Economists on the Refugee Path
Under today’s haphazard and archaic asylum rules, refugees must take enormous risks to reach safety, and the costs and benefits of helping them are distributed capriciously. Economists can help spur reform by testing which international rules and institutions are needed to improve an inefficient and often inhumane system.
NEW HAVEN – Today’s global refugee crisis recalls the period immediately after World War II. By one contemporary estimate, there were more than 40 million refugees in Europe alone. These “displaced persons,” as they were called at the time, were forced to flee their homes because of violence, forced relocation, persecution, and destruction of property and infrastructure.
The dire postwar situation led to the creation in 1950 of the United Nations High Commissioner for Refugees, which was expected to serve only a temporary mandate, protecting displaced people for three years. But the problem never went away. On the contrary, the UNHCR is not only still with us; it is sounding an alarm.
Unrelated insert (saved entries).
text \<open>The effective resistance is the sum over i < n of the parallel resistances of the
  bundles of 2i+1 edges. These depend on disjoint sets of independent resistances, so their
  expectations and variances add up. The parallel resistance of bundle i lies between a/(2i+1)
  and b/(2i+1), hence its expectation is of order 1/(i+1), giving the harmonic number H_n, i.e.
  order ln n, in total; its variance is at most (b-a)^2/(2i+1)^2, which is summable. From below,
  the variance is at least that of the single resistor of bundle 0.\<close>

lemma expectation_pair_pmf_mult:
  fixes F :: "'a \<Rightarrow> real" and G :: "'b \<Rightarrow> real"
  assumes "finite (set_pmf p)" "finite (set_pmf q)"
  shows "measure_pmf.expectation (pair_pmf p q) (\<lambda>z. F (fst z) * G (snd z))
       = measure_pmf.expectation p F * measure_pmf.expectation q G"
proof -
  have "measure_pmf.expectation (pair_pmf p q) (\<lambda>z. F (fst z) * G (snd z))
      = (\<Sum>z\<in>set_pmf p \<times> set_pmf q. F (fst z) * G (snd z) * pmf (pair_pmf p q) z)"
    using assms by (intro integral_measure_pmf_real) auto
  also have "\<dots> = (\<Sum>x\<in>set_pmf p. \<Sum>y\<in>set_pmf q. (F x * pmf p x) * (G y * pmf q y))"
    unfolding sum.cartesian_product by (intro sum.cong refl) (auto simp: pmf_pair)
  also have "\<dots> = (\<Sum>x\<in>set_pmf p. F x * pmf p x) * (\<Sum>y\<in>set_pmf q. G y * pmf q y)"
    by (simp add: sum_product)
  also have "\<dots> = measure_pmf.expectation p F * measure_pmf.expectation q G"
    using assms by (simp add: integral_measure_pmf_real)
  finally show ?thesis .
qed

lemma
  fixes F :: "'a \<Rightarrow> real" and G :: "'b \<Rightarrow> real"
  assumes fin_p: "finite (set_pmf p)" and fin_q: "finite (set_pmf q)"
  shows expectation_pair_pmf_add: "measure_pmf.expectation (pair_pmf p q) (\<lambda>z. F (fst z) + G (snd z))
           = measure_pmf.expectation p F + measure_pmf.expectation q G"
    and variance_pair_pmf_add: "measure_pmf.variance (pair_pmf p q) (\<lambda>z. F (fst z) + G (snd z))
           = measure_pmf.variance p F + measure_pmf.variance q G"
proof -
  have int_pq: "integrable (measure_pmf (pair_pmf p q)) f" for f :: "'a \<times> 'b \<Rightarrow> real"
    using fin_p fin_q by (intro integrable_measure_pmf_finite) simp
  define mF where "mF = measure_pmf.expectation p F"
  define mG where "mG = measure_pmf.expectation q G"
  show E: "measure_pmf.expectation (pair_pmf p q) (\<lambda>z. F (fst z) + G (snd z)) = mF + mG"
    unfolding mF_def mG_def by (simp add: Bochner_Integration.integral_add int_pq)
  have centred: "measure_pmf.expectation p (\<lambda>x. F x - mF) = 0"
                "measure_pmf.expectation q (\<lambda>y. G y - mG) = 0"
    unfolding mF_def mG_def
    by (simp_all add: Bochner_Integration.integral_diff integrable_measure_pmf_finite fin_p fin_q)
  have "measure_pmf.variance (pair_pmf p q) (\<lambda>z. F (fst z) + G (snd z))
      = measure_pmf.expectation (pair_pmf p q) (\<lambda>z. ((F (fst z) - mF)\<^sup>2 + (G (snd z) - mG)\<^sup>2)
           + 2 * ((F (fst z) - mF) * (G (snd z) - mG)))"
    unfolding E by (intro Bochner_Integration.integral_cong refl) (simp add: power2_eq_square algebra_simps)
  also have "\<dots> = measure_pmf.expectation (pair_pmf p q) (\<lambda>z. (F (fst z) - mF)\<^sup>2)
      + measure_pmf.expectation (pair_pmf p q) (\<lambda>z. (G (snd z) - mG)\<^sup>2)
      + 2 * measure_pmf.expectation (pair_pmf p q) (\<lambda>z. (F (fst z) - mF) * (G (snd z) - mG))"
    by (simp add: Bochner_Integration.integral_add int_pq)
  also have "\<dots> = measure_pmf.variance p F + measure_pmf.variance q G"
    using expectation_pair_pmf_mult[OF fin_p fin_q, of "\<lambda>x. F x - mF" "\<lambda>y. G y - mG"] centred
      expectation_pair_pmf_fst[of p q "\<lambda>x. (F x - mF)\<^sup>2"]
      expectation_pair_pmf_snd[of p q "\<lambda>y. (G y - mG)\<^sup>2"]
    unfolding mF_def mG_def by simp
  finally show "measure_pmf.variance (pair_pmf p q) (\<lambda>z. F (fst z) + G (snd z))
           = measure_pmf.variance p F + measure_pmf.variance q G" .
qed

lemma finite_set_Pi_pmf:
  assumes "finite A" "\<And>x. x \<in> A \<Longrightarrow> finite (set_pmf (p x))"
  shows "finite (set_pmf (Pi_pmf A d p))"
  using assms by (auto simp: set_Pi_pmf)

lemma
  fixes F G :: "('a \<Rightarrow> 'b) \<Rightarrow> real"
  assumes fin: "finite A" "finite B" and disj: "A \<inter> B = {}"
    and fin_p: "\<And>x. finite (set_pmf (p x))"
    and F_local: "\<And>f g. (\<And>x. x \<in> A \<Longrightarrow> f x = g x) \<Longrightarrow> F f = F g"
    and G_local: "\<And>f g. (\<And>x. x \<in> B \<Longrightarrow> f x = g x) \<Longrightarrow> G f = G g"
  shows expectation_Pi_pmf_union_add:
      "measure_pmf.expectation (Pi_pmf (A \<union> B) d p) (\<lambda>f. F f + G f)
         = measure_pmf.expectation (Pi_pmf A d p) F + measure_pmf.expectation (Pi_pmf B d p) G"
    and variance_Pi_pmf_union_add:
      "measure_pmf.variance (Pi_pmf (A \<union> B) d p) (\<lambda>f. F f + G f)
         = measure_pmf.variance (Pi_pmf A d p) F + measure_pmf.variance (Pi_pmf B d p) G"
proof -
  let ?merge = "\<lambda>(f, g) x. if x \<in> A then f x else g x"
  have law: "Pi_pmf (A \<union> B) d p = map_pmf ?merge (pair_pmf (Pi_pmf A d p) (Pi_pmf B d p))"
    by (rule Pi_pmf_union[OF fin disj])
  have split: "F (?merge z) + G (?merge z) = F (fst z) + G (snd z)" for z
    using disj by (auto simp: case_prod_beta intro!: arg_cong2[where f = "(+)"] F_local G_local)
  have fin_Pi: "finite (set_pmf (Pi_pmf A d p))" "finite (set_pmf (Pi_pmf B d p))"
    using fin fin_p by (simp_all add: finite_set_Pi_pmf)
  show "measure_pmf.expectation (Pi_pmf (A \<union> B) d p) (\<lambda>f. F f + G f)
         = measure_pmf.expectation (Pi_pmf A d p) F + measure_pmf.expectation (Pi_pmf B d p) G"
    unfolding law integral_map_pmf split by (rule expectation_pair_pmf_add[OF fin_Pi])
  show "measure_pmf.variance (Pi_pmf (A \<union> B) d p) (\<lambda>f. F f + G f)
         = measure_pmf.variance (Pi_pmf A d p) F + measure_pmf.variance (Pi_pmf B d p) G"
    unfolding law integral_map_pmf split by (rule variance_pair_pmf_add[OF fin_Pi])
qed

lemma
  fixes f :: "'a \<Rightarrow> real"
  assumes fin: "finite (set_pmf p)" and bounded: "\<And>x. x \<in> set_pmf p \<Longrightarrow> l \<le> f x \<and> f x \<le> u"
  shows expectation_pmf_ge: "l \<le> measure_pmf.expectation p f"
    and expectation_pmf_le: "measure_pmf.expectation p f \<le> u"
    and variance_pmf_le_range_sq: "measure_pmf.variance p f \<le> (u - l)\<^sup>2"
proof -
  note int = integrable_measure_pmf_finite[OF fin]
  show ge: "l \<le> measure_pmf.expectation p f"
    by (rule measure_pmf.integral_ge_const[OF int]) (auto intro!: AE_pmfI dest: bounded)
  show le: "measure_pmf.expectation p f \<le> u"
    by (rule measure_pmf.integral_le_const[OF int]) (auto intro!: AE_pmfI dest: bounded)
  show "measure_pmf.variance p f \<le> (u - l)\<^sup>2"
  proof (rule measure_pmf.integral_le_const[OF int], rule AE_pmfI)
    fix x assume "x \<in> set_pmf p"
    then have "\<bar>f x - measure_pmf.expectation p f\<bar> \<le> \<bar>u - l\<bar>" using bounded ge le by fastforce
    then show "(f x - measure_pmf.expectation p f)\<^sup>2 \<le> (u - l)\<^sup>2" by (simp add: abs_le_square_iff)
  qed
qed

lemma
  fixes r :: "'a \<Rightarrow> real"
  assumes fin: "finite K" "K \<noteq> {}" and a_pos: "0 < a"
    and r_between: "\<And>k. k \<in> K \<Longrightarrow> a \<le> r k \<and> r k \<le> b"
  shows parallel_resistance_ge: "a / card K \<le> inverse (\<Sum>k\<in>K. inverse (r k))"
    and parallel_resistance_le: "inverse (\<Sum>k\<in>K. inverse (r k)) \<le> b / card K"
proof -
  have card_pos: "0 < real (card K)" using fin by (simp add: card_gt_0_iff)
  have "card K / b = (\<Sum>k\<in>K. inverse b)" by (simp add: divide_inverse)
  also have "\<dots> \<le> (\<Sum>k\<in>K. inverse (r k))"
    using r_between a_pos by (intro sum_mono le_imp_inverse_le) force+
  finally have lower: "card K / b \<le> (\<Sum>k\<in>K. inverse (r k))" .
  have "(\<Sum>k\<in>K. inverse (r k)) \<le> (\<Sum>k\<in>K. inverse a)"
    using r_between a_pos by (intro sum_mono le_imp_inverse_le) auto
  also have "\<dots> = card K / a" by (simp add: divide_inverse)
  finally have upper: "(\<Sum>k\<in>K. inverse (r k)) \<le> card K / a" .
  have "b > 0" using r_between fin a_pos by fastforce
  then have "0 < card K / b" using card_pos by simp
  then show "inverse (\<Sum>k\<in>K. inverse (r k)) \<le> b / card K"
    using le_imp_inverse_le[OF lower] by simp
  show "a / card K \<le> inverse (\<Sum>k\<in>K. inverse (r k))"
    using le_imp_inverse_le[OF upper] lower \<open>0 < card K / b\<close> by simp
qed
In its 2015 mid-year report, the agency put the number of “forcibly displaced” people worldwide at 59.5 million at the end of 2014, including 19.5 million internationally displaced, which they define as true refugees. Some countries – Afghanistan, Azerbaijan, Colombia, Central African Republic, Democratic Republic of Congo, Iraq, Myanmar, Nigeria, Pakistan, Somalia, South Sudan, Sudan, Syria, and Ukraine – each accounted for more than a half-million forcibly displaced people at the end of 2014. The report noted that the total number had certainly grown substantially since.